Publication year - 2013
Publication title -
journal of neuroendocrinology
Language(s) - English
Resource type - Journals
SCImago Journal Rank - 1.062
H-Index - 116
eISSN - 1365-2826
pISSN - 0953-8194
DOI - 10.1111/jne.12000
Subject(s) - cyclooxygenase , lipocalin , immune system , medicine , endocrinology , interleukin , inflammation , biology , immunology , chemistry , cytokine , enzyme , biochemistry
Interleukin (IL)‐6 is critical for the febrile response to peripheral immune challenge. However, the mechanism by which IL ‐6 enables fever is still unknown. To characterise the IL ‐6‐dependent fever generating pathway, we used microarray analysis to identify differentially expressed genes in the brain of lipopolysaccharide ( LPS )‐treated IL‐6 wild‐type and knockout mice. Mice lacking IL ‐6 displayed a two‐fold lower expression of the lipocalin‐2 gene ( lcn2 ), and this difference was confirmed by real‐time reverse transcriptase‐polymerase chain reaction. Conversely, the induction of lipocalin‐2 protein was observed in brain vascular cells following i.p. administration of recombinant IL ‐6, suggesting a direct relationship between IL ‐6 and lipocalin‐2. Immunohistochemical analysis also revealed that LPS ‐induced lipocalin‐2 is expressed by brain endothelial cells and is partly co‐localised with cyclooxygenase‐2 (Cox‐2), the rate‐limiting enzyme for the production of inflammatory induced prostaglandin E 2 ( PGE 2 ), which is the key mediator of fever.

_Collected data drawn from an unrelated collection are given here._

(* Let $H$ be an oriented graph on $h$ vertices that is not $2$-colorable. Then the graph $K(H)$ contains a cycle $c_1c_2\dots c_\ell c_1$ of length $\ell\ge3$ with the following property: for any labeling of the vertices of $H$ by $1,\dots,h$ with corresponding backedge graph $G$, and for every order-preserving homomorphism $f:G\to K(H)$, there are vertices $u_1\in f^{-1}(c_1),\dots,u_\ell\in f^{-1}(c_\ell)$ such that $u_1u_2\dots u_\ell u_1$ is a cycle in $G$.
   Context: An oriented graph is $2$-colorable if its vertex set can be partitioned into $2$ sets each inducing an acyclic digraph. Graphs are undirected with vertex sets that are subsets of $\mathbb{N}$; subgraphs inherit labels. Given a labeling of $V(H)$ by $1,\dots,h$, the backedge graph of $H$ is the undirected graph on $[h]$ with $\{i,j\}$ an edge iff $i<j$ and $j\to i$ in $H$. An order-preserving homomorphism from $G$ to $G'$ is a map $f:V(G)\to V(G')$ with $f(i)\le f(j)$ whenever $i\le j$ and mapping edges to edges; an order-preserving isomorphism is one that is also a graph isomorphism. The ordered core of $G$ is a subgraph of $G$ with the fewest vertices among subgraphs to which $G$ has an order-preserving homomorphism. Let $\mathcal{C}(H)$ be the set of ordered cores of the backedge graphs of $H$ over all $h!$ labelings of $V(H)$ by $1,\dots,h$. $K(H)$ denotes a fixed element of $\mathcal{C}(H)$ such that for every $C\in\mathcal{C}(H)$, if there is an order-preserving homomorphism from $C$ to $K(H)$ then there is an order-preserving isomorphism between $C$ and $K(H)$. *)

theory Defs
  imports Main
begin

definition oriented_graph :: "'a set \<Rightarrow> ('a \<times> 'a) set \<Rightarrow> bool" where
  "oriented_graph V A \<longleftrightarrow> finite V \<and> A \<subseteq> V \<times> V \<and> (\<forall>u v. (u, v) \<in> A \<longrightarrow> (v, u) \<notin> A)"

definition two_colorable :: "'a set \<Rightarrow> ('a \<times> 'a) set \<Rightarrow> bool" where
  "two_colorable V A \<longleftrightarrow>
     (\<exists>S. S \<subseteq> V \<and> acyclic (A \<inter> (S \<times> S)) \<and> acyclic (A \<inter> ((V - S) \<times> (V - S))))"
(* Let $k$ be a field of characteristic zero, $n\ge1$, $S=k[x_1,\ldots,x_n]$, and $(S,L)$ a Lie–Rinehart algebra with $L$ a free $S$-module with basis $\alpha_1,\ldots,\alpha_n$, with enveloping algebra $U$. Let $p\geq0$. (i) If $u\in F_pU$ and $\{f^I:I\in\mathbb{N}^n,|I|=p\}\subset S$ satisfy $u\equiv\sum_{|I|=p}f^I\alpha^I \pmod{F_{p-1}U}$, then $$d^0(u)\equiv\sum_{|J|=p-1}d^0\Big(\Omega^0\big((j_n+1)f^{J+e_n},(j_{n-1}+1)f^{J+e_{n-1}},\ldots,(j_1+1)f^{J+e_1}\big)\Big)\alpha^J \pmod{F_{p-2}\mathcal{X}^1},$$ where $J=(j_n,\ldots,j_1)$. (ii) If $\omega\in F_p\mathcal{X}^1$ and $\{f^I_l: I\in\mathbb{N}^n,|I|=p,l\in\{1,\ldots,n\}\}\subset S$ satisfy $\omega\equiv\sum_{l=1}^n\sum_{|I|=p}f^I_l\alpha^I\hat{x}_l\pmod{F_{p-1}\mathcal{X}^1}$, then, writing $f^I=(f^I_1,\ldots,f^I_n)$, $$d^1(\omega)\equiv\sum_{|J|=p-1}d^1\Big(\Omega^1\big((j_n+1)f^{J+e_n},\ldots,(j_1+1)f^{J+e_1}\big)\Big)\alpha^J\pmod{F_{p-2}\mathcal{X}^2}.$$
   Context: Write $\alpha_i(s)$ for the action of $\alpha_i$ on $s\in S$. For $I=(i_n,\ldots,i_1)\in\mathbb{N}^n$ put $\alpha^I=\alpha_n^{i_n}\cdots\alpha_1^{i_1}\in U$ and $|I|=i_n+\cdots+i_1$; the $\alpha^I$ form a basis of $U$ as a left $S$-module. $F_pU$ is the $S$-span of the $\alpha^I$ with $|I|\le p$ ($F_pU=0$ for $p<0$). For $m\in\{1,\ldots,n\}$, $e_m\in\mathbb{N}^n$ is the tuple with $1$ in the entry indexed by $m$ and $0$ elsewhere (so $\alpha^{I+e_m}$ raises the exponent of $\alpha_m$ by one). Let $W=\operatorname{span}_k(x_1,\ldots,x_n)$, $\hat x_1,\ldots,\hat x_n$ the dual basis, and $\mathcal{X}^q=U\otimes_k\operatorname{Hom}_k(\Lambda^qW,k)$, whose elements are written $\sum_K u_K\,\hat x_{k_1}\wedge\cdots\wedge\hat x_{k_q}$ with $u_K\in U$ (this is the complex computing the Hochschild cohomology $H^\bullet(S,U)$ obtained from the Koszul resolution of $S$). The differentials satisfy $d^0(u)=\sum_{k=1}^n[u,x_k]\hat x_k$ and $d^1(\sum_k u_k\hat x_k)=\sum_{1\le k<l\le n}([u_k,x_l]-[u_l,x_k])\hat x_k\wedge\hat x_l$. $F_p\mathcal{X}^q$ is the $k$-span of the elements $f\alpha^I\hat x_{k_1}\wedge\cdots\wedge\hat x_{k_q}$ with $f\in S$, $|I|\le p$. For $g^1,\ldots,g^n\in S$, $\Omega^0(g^n,\ldots,g^1)=\sum_{i=1}^n g^i\alpha_i\in U$; for $f^1,\ldots,f^n\in S^n$ with $f^i=(f^i_1,\ldots,f^i_n)$, $\Omega^1(f^n,\ldots,f^1)=\sum_{k=1}^n\sum_{i=1}^nf^i_k\alpha_i\hat x_k\in\mathcal{X}^1$. For an element $\sum_K c_K\hat x_K$ with all $c_K\in S$, the product $(\sum_Kc_K\hat x_K)\alpha^J$ means $\sum_K c_K\alpha^J\hat x_K$. *)

theory Defs
  imports Main
begin

fun oprod :: "(nat \<Rightarrow> 'a::monoid_mult) \<Rightarrow> nat \<Rightarrow> 'a" where
  "oprod g 0 = 1"
| "oprod g (Suc m) = g (Suc m) * oprod g m"

text \<open>Multi-indices I = (i_n,...,i_1), represented as functions nat => nat supported on {1..n}.\<close>
definition idx :: "nat \<Rightarrow> (nat \<Rightarrow> nat) set" where
  "idx n = {I. \<forall>i. (i = 0 \<or> n < i) \<longrightarrow> I i = 0}"

definition absI :: "nat \<Rightarrow> (nat \<Rightarrow> nat) \<Rightarrow> nat" where
  "absI n I = (\<Sum>i=1..n. I i)"

definition mpow :: "(nat \<Rightarrow> 'a::monoid_mult) \<Rightarrow> nat \<Rightarrow> (nat \<Rightarrow> nat) \<Rightarrow> 'a" where
  "mpow a n I = oprod (\<lambda>i. a i ^ I i) n"

definition incI :: "(nat \<Rightarrow> nat) \<Rightarrow> nat \<Rightarrow> (nat \<Rightarrow> nat)" where
  "incI J m = J(m := Suc (J m))"

definition idx_deg :: "nat \<Rightarrow> int \<Rightarrow> (nat \<Rightarrow> nat) set" where
  "idx_deg n p = {I \<in> idx n. int (absI n I) = p}"

definition Fil :: "'u::ring_1 set \<Rightarrow> (nat \<Rightarrow> 'u) \<Rightarrow> nat \<Rightarrow> int \<Rightarrow> 'u set" where
  "Fil S \<alpha> n p = {u. \<exists>f. (\<forall>I. f I \<in> S) \<and>
       u = (\<Sum>I\<in>{I \<in> idx n. int (absI n I) \<le> p}. f I * mpow \<alpha> n I)}"

text \<open>Elements of X^1 are represented by their coefficient functions k |-> u_k (k in {1..n}),
  elements of X^2 by (k,l) |-> u_{kl} (1 <= k < l <= n).\<close>
definition FX1 :: "'u::ring_1 set \<Rightarrow> (nat \<Rightarrow> 'u) \<Rightarrow> nat \<Rightarrow> int \<Rightarrow> (nat \<Rightarrow> 'u) set" where
  "FX1 S \<alpha> n p = {\<omega>. \<forall>k\<in>{1..n}. \<omega> k \<in> Fil S \<alpha> n p}"

definition FX2 :: "'u::ring_1 set \<Rightarrow> (nat \<Rightarrow> 'u) \<Rightarrow> nat \<Rightarrow> int \<Rightarrow> (nat \<Rightarrow> nat \<Rightarrow> 'u) set" where
  "FX2 S \<alpha> n p = {\<omega>. \<forall>k l. 1 \<le> k \<and> k < l \<and> l \<le> n \<longrightarrow> \<omega> k l \<in> Fil S \<alpha> n p}"

definition comm :: "'u::ring_1 \<Rightarrow> 'u \<Rightarrow> 'u" where
  "comm a b = a * b - b * a"

definition d0 :: "(nat \<Rightarrow> 'u::ring_1) \<Rightarrow> 'u \<Rightarrow> (nat \<Rightarrow> 'u)" where
  "d0 x u = (\<lambda>k. comm u (x k))"

definition d1 :: "(nat \<Rightarrow> 'u::ring_1) \<Rightarrow> (nat \<Rightarrow> 'u) \<Rightarrow> (nat \<Rightarrow> nat \<Rightarrow> 'u)" where
  "d1 x \<omega> = (\<lambda>k l. comm (\<omega> k) (x l) - comm (\<omega> l) (x k))"

text \<open>Omega^0(g^n,...,g^1) = sum_i g^i alpha_i ; Omega^1(f^n,...,f^1) = sum_k sum_i f^i_k alpha_i xhat_k,
  where f i k stands for f^i_k.\<close>
definition Omega0 :: "(nat \<Rightarrow> 'u::ring_1) \<Rightarrow> nat \<Rightarrow> (nat \<Rightarrow> 'u) \<Rightarrow> 'u" where
  "Omega0 \<alpha> n g = (\<Sum>i=1..n. g i * \<alpha> i)"

definition Omega1 :: "(nat \<Rightarrow> 'u::ring_1) \<Rightarrow> nat \<Rightarrow> (nat \<Rightarrow> nat \<Rightarrow> 'u) \<Rightarrow> (nat \<Rightarrow> 'u)" where
  "Omega1 \<alpha> n f = (\<lambda>k. \<Sum>i=1..n. f i k * \<alpha> i)"
lemma cones_disjoint:
  assumes "2 \<le> n" "x \<in> Tpts n" "i \<noteq> j"
  shows "ereal (real (i+1)) * x 0 + x 1 \<le> cone_den n i x \<or> ereal (real (j+1)) * x 0 + x 1 \<le> cone_den n j x"
proof (cases "x 0 = -\<infinity> \<or> x 1 = -\<infinity>")
  case True
  moreover have "x 0 \<noteq> \<infinity>" "x 1 \<noteq> \<infinity>" using assms(1,2) by (auto simp: Tpts_def)
  ultimately have "ereal (real (i+1)) * x 0 + x 1 = -\<infinity>" by (cases "x 0"; cases "x 1") auto
  moreover have "-\<infinity> \<le> cone_den n i x" by simp
  ultimately show ?thesis by (intro disjI1) (simp only:)
next
  case False
  moreover have "x 0 \<noteq> \<infinity>" "x 1 \<noteq> \<infinity>" using assms(1,2) by (auto simp: Tpts_def)
  ultimately obtain a b where "x 0 = ereal a" "x 1 = ereal b" by (cases "x 0"; cases "x 1") auto
  then show ?thesis
    using assms cones_disjoint_real[of i j a b] cones_disjoint_real[of j i a b]
    by (cases "i < j") (auto simp: cone_den_eq algebra_simps simp flip: ereal_max)
qed

lemma ereal_max_add_max_eq:
  fixes a b c d :: ereal
  assumes "b \<le> a \<or> d \<le> c"
  shows "max a b + max c d = max (max a b + c) (max c d + a)"
proof (cases "b \<le> a")
  case True
  have "a + c \<le> a + max c d" by (simp add: add_left_mono)
  with True show ?thesis by (simp add: max_absorb1 max_absorb2 add.commute)
next
  case False
  with assms have "d \<le> c" by simp
  have "c + a \<le> c + max a b" by (simp add: add_left_mono)
  with \<open>d \<le> c\<close> show ?thesis by (simp add: max_absorb1 max_absorb2 add.commute)
qed
text \<open>
  Since \<open>W\<close> is contained in the Pratt comonoid of up-sets of the specialisation preorder of
  \<open>S\<close>, the \<open>T\<^sub>1\<close> property is already witnessed by generators. Together with freeness this
  yields two disjoint sequences \<open>P\<close>, \<open>Q\<close> of generators with \<open>A \<inter> \<Inter>\<^sub>k P k = {}\<close>. Finite
  unions of the \<open>Q k\<close> and finite intersections of the \<open>P k\<close> lie in \<open>W\<close>; a single crossword
  then puts into \<open>W\<close>, for every \<open>X \<subseteq> \<nat>\<close>, the set of points that enter the union of
  the \<open>Q k\<close> before leaving the intersection of the \<open>P k\<close>, ties at levels in \<open>X\<close> included.
  Freeness supplies a tie at every level, so this is an order embedding of the power set of
  \<open>\<nat>\<close> into \<open>W\<close> preserving nonempty unions and intersections; composing it with Dedekind
  cuts gives continuum many members of \<open>W\<close>.
\<close>

lemma crossword_diagonal:
  "pratt_comonoid A W \<Longrightarrow> crossword A W C \<Longrightarrow> {b. (b, b) \<in> C} \<in> W"
  unfolding pratt_comonoid_def by blast

lemma pratt_comonoid_Un:
  assumes pc: "pratt_comonoid A W" and U: "U \<in> W" and V: "V \<in> W"
  shows "U \<union> V \<in> W"
proof -
  have sub: "U \<subseteq> A" "V \<subseteq> A" and AW: "A \<in> W"
    using pc U V unfolding pratt_comonoid_def by auto
  let ?C = "(U \<times> A) \<union> (A \<times> V)"
  have "crossword A W ?C"
    unfolding crossword_def
  proof (intro conjI ballI)
    fix a assume a: "a \<in> A"
    have "{b. (a, b) \<in> ?C} = (if a \<in> U then A else V)" using a sub by auto
    thus "{b. (a, b) \<in> ?C} \<in> W" using AW V by simp
    have "{b. (b, a) \<in> ?C} = (if a \<in> V then A else U)" using a sub by auto
    thus "{b. (b, a) \<in> ?C} \<in> W" using AW U by simp
  qed (use sub in auto)
  moreover have "{b. (b, b) \<in> ?C} = U \<union> V" using sub by auto
  ultimately show ?thesis using crossword_diagonal[OF pc] by metis
qed

lemma pratt_comonoid_Int:
  assumes pc: "pratt_comonoid A W" and U: "U \<in> W" and V: "V \<in> W"
  shows "U \<inter> V \<in> W"
proof -
  have sub: "U \<subseteq> A" "V \<subseteq> A" and EW: "{} \<in> W"
    using pc U V unfolding pratt_comonoid_def by auto
  have "crossword A W (U \<times> V)"
    unfolding crossword_def
  proof (intro conjI ballI)
    fix a
    have "{b. (a, b) \<in> U \<times> V} = (if a \<in> U then V else {})" by auto
    thus "{b. (a, b) \<in> U \<times> V} \<in> W" using EW V by simp
    have "{b. (b, a) \<in> U \<times> V} = (if a \<in> V then U else {})" by auto
    thus "{b. (b, a) \<in> U \<times> V} \<in> W" using EW U by simp
  qed (use sub in auto)
  moreover have "{b. (b, b) \<in> U \<times> V} = U \<inter> V" by auto
  ultimately show ?thesis using crossword_diagonal[OF pc] by metis
qed
lemma plane_waves_separate:
  fixes N :: int
  assumes "1 \<le> j" "1 \<le> r" "T > 0" "\<eta> > 0"
    and fast: "pi / (T * \<eta>) < of_int N ^ (2 * j - 1) / (1 + (of_int N)\<^sup>2) powr s"
  obtains u v where
    "is_periodic_solution j s r T u" "is_periodic_solution j s r T v"
    "hat_H_norm s r (u 0) = 1" "hat_H_norm s r (v 0) = 1 + \<eta>"
    "hat_H_norm s r (\<lambda>x. u 0 x - v 0 x) = \<eta>"
    "\<exists>t\<in>{-T<..<T}. hat_H_norm s r (\<lambda>x. u t x - v t x) = 2 + \<eta>"
proof -
  have bracket_pos: "1 + (of_int N)\<^sup>2 > (0::real)"
    by (simp add: add_pos_nonneg)
  define W where "W = (1 + (of_int N)\<^sup>2) powr (s / 2)"
  have "W > 0"
    unfolding W_def using bracket_pos by simp
  have W2: "W\<^sup>2 = (1 + (of_int N)\<^sup>2) powr s"
    unfolding W_def using bracket_pos by (simp add: powr_powr flip: powr_realpow)
  define a b where "a = 1 / W" and "b = (1 + \<eta>) / W"
  have "a > 0" "a < b" and Wa: "W * a = 1" and Wb: "W * b = 1 + \<eta>"
    using \<open>W > 0\<close> \<open>\<eta> > 0\<close> by (simp_all add: a_def b_def divide_strict_right_mono)
  define q where "q = of_int N ^ (2 * j - 1) / (1 + (of_int N)\<^sup>2) powr s"
  have "q > 0"
    using fast \<open>T > 0\<close> \<open>\<eta> > 0\<close> by (smt (verit) q_def divide_pos_pos mult_pos_pos pi_gt_zero)
  define \<omega>a \<omega>b where "\<omega>a = dispersion j a N" and "\<omega>b = dispersion j b N"
  have "\<omega>b - \<omega>a = (-1) ^ j * ((2 * \<eta> + \<eta>\<^sup>2) * q)"
    unfolding \<omega>a_def \<omega>b_def dispersion_diff q_def a_def b_def W2[symmetric]
    using \<open>W > 0\<close> by (simp add: field_simps power2_eq_square)
  then have "\<bar>\<omega>b - \<omega>a\<bar> = (2 * \<eta> + \<eta>\<^sup>2) * q"
    using \<open>\<eta> > 0\<close> \<open>q > 0\<close> by (simp add: abs_mult)
  moreover have "pi / T < \<eta> * q"
    using mult_strict_left_mono[OF fast[folded q_def] \<open>\<eta> > 0\<close>] \<open>\<eta> > 0\<close> by simp
  moreover have "\<eta> * q \<le> (2 * \<eta> + \<eta>\<^sup>2) * q"
    using \<open>\<eta> > 0\<close> \<open>q > 0\<close> by (intro mult_right_mono) auto
  ultimately have "pi / T < \<bar>\<omega>b - \<omega>a\<bar>"
    by linarith
  then obtain t0 where "t0 \<in> {-T<..<T}" and opposite: "exp (\<i> * of_real ((\<omega>b - \<omega>a) * t0)) = -1"
    using exp_i_eq_minus_one_within \<open>T > 0\<close> by blast
  define u v where "u = plane_wave (of_real a) \<omega>a N" and "v = plane_wave (of_real b) \<omega>b N"
  show thesis
  proof
    show "is_periodic_solution j s r T u" "is_periodic_solution j s r T v"
      using plane_wave_is_periodic_solution[OF assms(1,2)] \<open>a > 0\<close> \<open>a < b\<close>
      by (metis u_def v_def \<omega>a_def \<omega>b_def norm_of_real abs_of_pos order.strict_trans)+
    show "hat_H_norm s r (u 0) = 1" "hat_H_norm s r (v 0) = 1 + \<eta>"
      using \<open>a > 0\<close> \<open>a < b\<close> Wa Wb
      by (simp_all add: u_def v_def hat_H_norm_plane_wave[OF assms(2)] W_def[symmetric])
    show "hat_H_norm s r (\<lambda>x. u 0 x - v 0 x) = \<eta>"
      using \<open>a < b\<close> Wa Wb
      by (simp add: u_def v_def hat_H_norm_plane_wave_diff[OF assms(2)] W_def[symmetric]
                    right_diff_distrib flip: of_real_diff)
    have "hat_H_norm s r (\<lambda>x. u t0 x - v t0 x) = W * (a + b)"
      unfolding u_def v_def W_def using \<open>a > 0\<close> \<open>a < b\<close> opposite
      by (intro hat_H_norm_plane_wave_diff_opposite_phase[OF assms(2)]) auto
    then show "\<exists>t\<in>{-T<..<T}. hat_H_norm s r (\<lambda>x. u t x - v t x) = 2 + \<eta>"
      using \<open>t0 \<in> {-T<..<T}\<close> Wa Wb by (auto simp: distrib_left)
  qed
qed

theorem proposition6p2:
  fixes j :: nat and r :: ereal and s :: real
  assumes "1 \<le> j" and "1 \<le> r" and "s < real j - 1 / 2"
  shows "\<forall>T>0. \<exists>R>0. \<exists>\<epsilon>>0. \<forall>\<delta>>0. \<exists>u v.
           is_periodic_solution j s r T u \<and> is_periodic_solution j s r T v \<and>
           hat_H_norm s r (u 0) \<le> R \<and> hat_H_norm s r (v 0) \<le> R \<and>
           hat_H_norm s r (\<lambda>x. u 0 x - v 0 x) < \<delta> \<and>
           (\<exists>t\<in>{-T<..<T}. \<epsilon> \<le> hat_H_norm s r (\<lambda>x. u t x - v t x))"
proof (intro allI impI exI[of _ "2::real"] conjI zero_less_numeral)
  fix T \<delta> :: real
  assume "T > 0" "\<delta> > 0"
  define \<eta> where "\<eta> = min (\<delta> / 2) 1"
  have "\<eta> > 0" "\<eta> < \<delta>" "\<eta> \<le> 1"
    using \<open>\<delta> > 0\<close> by (auto simp: \<eta>_def)
  have "\<forall>\<^sub>F N in sequentially. pi / (T * \<eta>) < real N ^ (2 * j - 1) / (1 + (real N)\<^sup>2) powr s"
    using power_div_bracket_powr_tendsto_at_top[OF assms(1,3)] by (simp add: filterlim_at_top_dense)
  then obtain N :: nat
    where "pi / (T * \<eta>) < of_int (int N) ^ (2 * j - 1) / (1 + (of_int (int N))\<^sup>2) powr s"
    by (auto simp: eventually_sequentially)
  from plane_waves_separate[OF assms(1,2) \<open>T > 0\<close> \<open>\<eta> > 0\<close> this]
  obtain u v where "is_periodic_solution j s r T u" "is_periodic_solution j s r T v"
    "hat_H_norm s r (u 0) = 1" "hat_H_norm s r (v 0) = 1 + \<eta>"
    "hat_H_norm s r (\<lambda>x. u 0 x - v 0 x) = \<eta>"
    "\<exists>t\<in>{-T<..<T}. hat_H_norm s r (\<lambda>x. u t x - v t x) = 2 + \<eta>" .
  then show "\<exists>u v. is_periodic_solution j s r T u \<and> is_periodic_solution j s r T v \<and>
           hat_H_norm s r (u 0) \<le> 2 \<and> hat_H_norm s r (v 0) \<le> 2 \<and>
           hat_H_norm s r (\<lambda>x. u 0 x - v 0 x) < \<delta> \<and>
           (\<exists>t\<in>{-T<..<T}. 2 \<le> hat_H_norm s r (\<lambda>x. u t x - v t x))"
    using \<open>\<eta> > 0\<close> \<open>\<eta> < \<delta>\<close> \<open>\<eta> \<le> 1\<close> by (intro exI[of _ u] exI[of _ v]) force
qed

The direct role of lipocalin‐2 in fever was examined in LPS ‐challenged lipocalin‐2 knockout mice. In both male and female mice, normal fever responses were observed at near‐thermoneutral conditions (29–30 °C) but when recorded at normal room temperature (19–20 °C), the body temperature of lipocalin‐2 knockout female mice displayed an attenuated fever response compared to their wild‐type littermates. This difference was reflected in significantly attenuated m RNA expression of Cox‐2 in the brain of lipocalin‐2 knockout female mice, but not of male mice, following challenge with peripheral LPS . Our findings suggest that IL ‐6 influences the expression of lipocalin‐2, which in turn may be involved in the control of the formation of Cox‐2, and hence central PGE 2 ‐production. We have thus identified lipocalin‐2 as a new factor in the pathway of inflammatory IL ‐6 signalling. However, the effect of lipocalin‐2 on fever is small, being sex‐dependent and ambient temperature‐specific, and thus lipocalin‐2 cannot be considered as a major mediator of the IL ‐6‐dependent fever generating pathway.